%%

lemma emb_sum:
  assumes "a \<in> roots" "\<And>i. i \<in> A \<Longrightarrow> f i \<in> QQ dl"
  shows "emb a (sum f A) = (\<Sum>i\<in>A. emb a (f i))"
  using assms(2)
  by (induction A rule: infinite_finite_induct)
    (simp_all add: emb_of_int[OF assms(1), of 0, simplified] emb_add[OF assms(1)] QQ_sum)

lemma emb_power: "a \<in> roots \<Longrightarrow> x \<in> QQ dl \<Longrightarrow> emb a (x ^ n) = emb a x ^ n"
  by (induction n) (simp_all add: emb_of_int[of a 1, simplified] emb_mult QQ_power)

lemma inverse_dl_ZZ: "inverse dl \<in> ZZ dl"
proof -
  obtain c Q where PQ: "P = pCons c Q" by (cases P) auto
  have c: "c = coeff P 0" using PQ by simp
  have "0 = of_int c + dl * poly (of_int_poly Q) dl" using root_dl unfolding PQ by (simp add: hom_distribs)
  then have "inverse dl = poly (of_int_poly (Polynomial.smult (- c) Q)) dl"
    using unit_P dl_gt_1 unfolding c[symmetric] by (auto simp: hom_distribs field_simps)
  then show ?thesis unfolding ZZ_def by blast
qed

lemma roots_nonzero: "a \<in> roots \<Longrightarrow> a \<noteq> 0"
  using unit_P by (auto simp: roots_def poly_0_coeff_0)

lemma finite_roots: "finite roots"
  unfolding roots_def using P_nonzero by (intro poly_roots_finite) simp

lemma card_roots: "card roots = degree P"
proof -
  have "square_free (of_int_poly P :: rat poly)"
    using irreducible_rat_P irreducible_connect_field irreducible\<^sub>d_square_free by blast
  then have "square_free (map_poly (of_rat :: rat \<Rightarrow> complex) (of_int_poly P))"
    using field_hom_0'.square_free_map_poly[OF field_hom_0'.intro[OF of_rat_hom.field_hom_axioms]]
    by blast
  then have "rsquarefree (of_int_poly P :: complex poly)"
    by (simp add: of_rat_of_int_poly square_free_rsquarefree)
  then show ?thesis unfolding roots_def using rsquarefree_card_degree P_nonzero by auto
qed

lemma degree_P_ge_2: "degree P \<ge> 2"
proof (rule ccontr)
  assume "\<not> degree P \<ge> 2"
  then consider "degree P = 0" | "degree P = 1" by linarith
  then show False
  proof cases
    case 1
    then have "P = 1" using monic_P by (metis degree_0_id one_pCons)
    then show False using root_dl by simp
  next
    case 2
    then have "0 = of_int (coeff P 0) + dl" using root_dl monic_P by (simp add: poly_altdef)
    then show False using unit_P dl_gt_1 by auto
  qed
qed

lemma other_roots_nonempty: "other_roots \<noteq> {}"
proof
  assume "other_roots = {}"
  then have "card roots \<le> card {complex_of_real dl}"
    unfolding other_roots_def by (intro card_mono) auto
  then show False using card_roots degree_P_ge_2 by simp
qed

text \<open>Numbers with a fixed denominator and bounded conjugates form a finite set: reducing
  the numerator modulo \<open>P\<close> and interpolating on the roots bounds its integer coefficients.\<close>

lemma finite_bounded_conjugates:
  assumes D: "D > 0"
  shows "finite {y. 0 \<le> y \<and> y < 1 \<and> of_int D * y \<in> ZZ dl \<and> (\<forall>a\<in>other_roots. cmod (emb a y) \<le> B)}"
    (is "finite ?F")
proof -
  obtain K where K: "\<And>f B k. degree f < card roots \<Longrightarrow> (\<forall>a\<in>roots. cmod (poly f a) \<le> B) \<Longrightarrow>
      cmod (coeff f k) \<le> K * B"
    using coeff_bound_by_values[OF finite_roots] by blast
  define B' where "B' = of_int D * max B 1"
  define S where "S = {s::int poly. degree s < degree P \<and> (\<forall>k. \<bar>coeff s k\<bar> \<le> \<lfloor>K * B'\<rfloor>)}"
  have "?F \<subseteq> (\<lambda>s. poly (of_int_poly s) dl / of_int D) ` S"
  proof
    fix y assume "y \<in> ?F"
    then have y: "0 \<le> y" "y < 1" "of_int D * y \<in> ZZ dl" and yB: "\<forall>a\<in>other_roots. cmod (emb a y) \<le> B"
      by auto
    obtain s where s: "of_int D * y = poly (of_int_poly s) dl" using y(3) unfolding ZZ_def by auto
    obtain q r where qr: "pseudo_divmod s P = (q, r)" by (cases "pseudo_divmod s P") auto
    have srq: "s = P * q + r" using pseudo_divmod(1)[OF P_nonzero qr] monic_P by simp
    have deg_r: "degree r < degree P" using pseudo_divmod(2)[OF P_nonzero qr] degree_P_ge_2 by auto
    have poly_r: "poly (of_int_poly r) x = poly (of_int_poly s) x"
      if "poly (of_int_poly P) x = 0" for x :: "'a::comm_ring_1"
      using that unfolding srq by (simp add: hom_distribs)
    have yQ: "y \<in> QQ dl" using QQ_if_int_multiple_ZZ[OF y(3)] D by simp
    have "cmod (poly (of_int_poly r) a) \<le> B'" if a: "a \<in> roots" for a
    proof (cases "a = complex_of_real dl")
      case True
      have "poly (of_int_poly r) a = complex_of_real (poly (of_int_poly r) dl)"
        unfolding True using of_real_hom.poly_map_poly[of "of_int_poly r" dl]
        by (simp add: map_poly_map_poly o_def)
      also have "poly (of_int_poly r) dl = of_int D * y" using poly_r[OF root_dl] s by simp
      finally show ?thesis using D y unfolding B'_def by (simp add: norm_mult mult_left_mono)
    next
      case False
      have "poly (of_int_poly r) a = emb a (of_int D * y)"
        using a poly_r[of a] unfolding s emb_int_poly[OF a] roots_def by simp
      also have "\<dots> = of_int D * emb a y" using emb_mult[OF a QQ_of_int yQ] emb_of_int[OF a] by simp
      finally show ?thesis using yB a False D unfolding B'_def other_roots_def
        by (force simp: norm_mult intro: mult_left_mono)
    qed
    then have "\<forall>k. \<bar>coeff r k\<bar> \<le> \<lfloor>K * B'\<rfloor>"
      using K[of "of_int_poly r"] deg_r card_roots by (simp add: le_floor_iff)
    then have "r \<in> S" unfolding S_def using deg_r by simp
    moreover have "y = poly (of_int_poly r) dl / of_int D" using poly_r[OF root_dl] s D by (simp add: field_simps)
    ultimately show "y \<in> (\<lambda>s. poly (of_int_poly s) dl / of_int D) ` S" by blast
  qed
  moreover have "finite S" unfolding S_def by (rule finite_bounded_int_polys)
  ultimately show ?thesis by (meson finite_imageI finite_subset)
qed
lemma Z_odd: "Z (2 * m + 1) = (real m)^2 * (real m - 1)^2 / 4"
proof -
  have "\<lfloor>real (2 * m + 1) / 2\<rfloor> = int m" "\<lfloor>(real (2 * m + 1) - 1) / 2\<rfloor> = int m"
    "\<lfloor>(real (2 * m + 1) - 2) / 2\<rfloor> = int m - 1" "\<lfloor>(real (2 * m + 1) - 3) / 2\<rfloor> = int m - 1"
    by (intro floor_unique; simp add: field_simps)+
  then show ?thesis unfolding Z_def by (simp add: power2_eq_square)
qed

lemma card_crossings_north_eq_Z: "real (card (crossings n (\<lambda>x y. north n (x + y)))) = Z n"
proof (cases "even n")
  case True
  then obtain m where "n = 2 * m" by auto
  then show ?thesis using card_crossings_north[of m] Z_even[of m] by simp
next
  case False
  then obtain m where "n = 2 * m + 1" using oddE by blast
  then show ?thesis using card_crossings_north[of m] Z_odd[of m] by simp
qed

theorem lemma2p3:
  fixes n :: nat and N :: "nat \<Rightarrow> nat \<Rightarrow> bool"
  assumes "n \<ge> 1"
    and "\<forall>i \<in> {1..n}. \<forall>j \<in> {1..n}. Mdiag n N i j = Mn n i j"
  shows "real (eps n N) = Z n"
proof -
  have "N i j = north n (i + j)" if "notH n i j" for i j
  proof -
    have "Mdiag n N i j = Mn n i j"
      using that assms(2) by (auto simp: notH_def)
    then show ?thesis
      using that Mn_eq_north[OF that] by (auto simp: Mdiag_def notH_def split: if_splits)
  qed
  then have "crossings n N = crossings n (\<lambda>x y. north n (x + y))"
    by (rule crossings_cong)
  then show ?thesis
    by (simp add: eps_eq_card_crossings card_crossings_north_eq_Z)
qed

end
(* Let $N\ge2$, $n\ge1$, $\tilde J>0$ and $J_i=\tilde J/N^i$ for $1\le i\le n$. For all integers $1\le s\le N$ and $0\le m\le n-1$, $$\max_{1\le i\le N^n}\mathcal H\big(h^{(m,s)};\gamma_i\big)=\max_{1\le i\le sN^m}\mathcal H\big(h^{(m,s)};\gamma_i\big).$$
   Context: Hierarchical lattice $\Lambda_N^n=\{1,\dots,N^n\}$ (integer $a$ = vertex $v_a$); $k$-blocks are $\{jN^k+1,\dots,(j+1)N^k\}$; $d(a,b)$ is the smallest $k\ge0$ with $a,b$ in a common $k$-block. For a field $h$, $\mathcal H(h;\sigma)=-\frac12\sum_{\{v,w\},v\ne w}J_{d(v,w)}\sigma(v)\sigma(w)-\frac h2\sum_v\sigma(v)$ (unordered pairs). $\gamma_k$ is the configuration with $+1$ exactly on $\{1,\dots,k\}$. For integers $m,s$, $h^{(m,s)}=\tilde J\big[(1-\frac1N)(n-m)-(s-1)\frac1N\big]$. *)

theory Defs
  imports Complex_Main
begin

text \<open>Hierarchical lattice with vertices 1..N^n. The k-block containing vertex a
  has index (a-1) div N^k. The hierarchical distance d(a,b) is the least k
  with a, b in a common k-block.\<close>

definition hdist :: "nat \<Rightarrow> nat \<Rightarrow> nat \<Rightarrow> nat" where
  "hdist N a b = (LEAST k. (a - 1) div N ^ k = (b - 1) div N ^ k)"

text \<open>Hamiltonian: sum over unordered pairs {v,w}, v \<noteq> w, written as pairs v < w.\<close>

definition hamiltonian ::
  "nat \<Rightarrow> nat \<Rightarrow> (nat \<Rightarrow> real) \<Rightarrow> real \<Rightarrow> (nat \<Rightarrow> real) \<Rightarrow> real" where
  "hamiltonian N n J h \<sigma> =
     - (1/2) * (\<Sum>(v,w) \<in> {(v,w). 1 \<le> v \<and> v < w \<and> w \<le> N ^ n}.
                   J (hdist N v w) * \<sigma> v * \<sigma> w)
     - (h / 2) * (\<Sum>v \<in> {1..N ^ n}. \<sigma> v)"

definition gamma :: "nat \<Rightarrow> nat \<Rightarrow> real" where
  "gamma k v = (if 1 \<le> v \<and> v \<le> k then 1 else -1)"

definition hfield :: "nat \<Rightarrow> nat \<Rightarrow> real \<Rightarrow> int \<Rightarrow> int \<Rightarrow> real" where
  "hfield N n Jt m s =
     Jt * ((1 - 1 / real N) * (real n - real_of_int m) - (real_of_int s - 1) / real N)"

end

theory Submission
  imports Defs
begin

%%

◆ TASK DETAILS ◆
Scan the lines above for the word "moreover", then copy each line that has it.

◆ SOLUTION ◆
    moreover have "y = poly (of_int_poly r) dl / of_int D" using poly_r[OF root_dl] s D by (simp add: field_simps)
  moreover have "finite S" unfolding S_def by (rule finite_bounded_int_polys)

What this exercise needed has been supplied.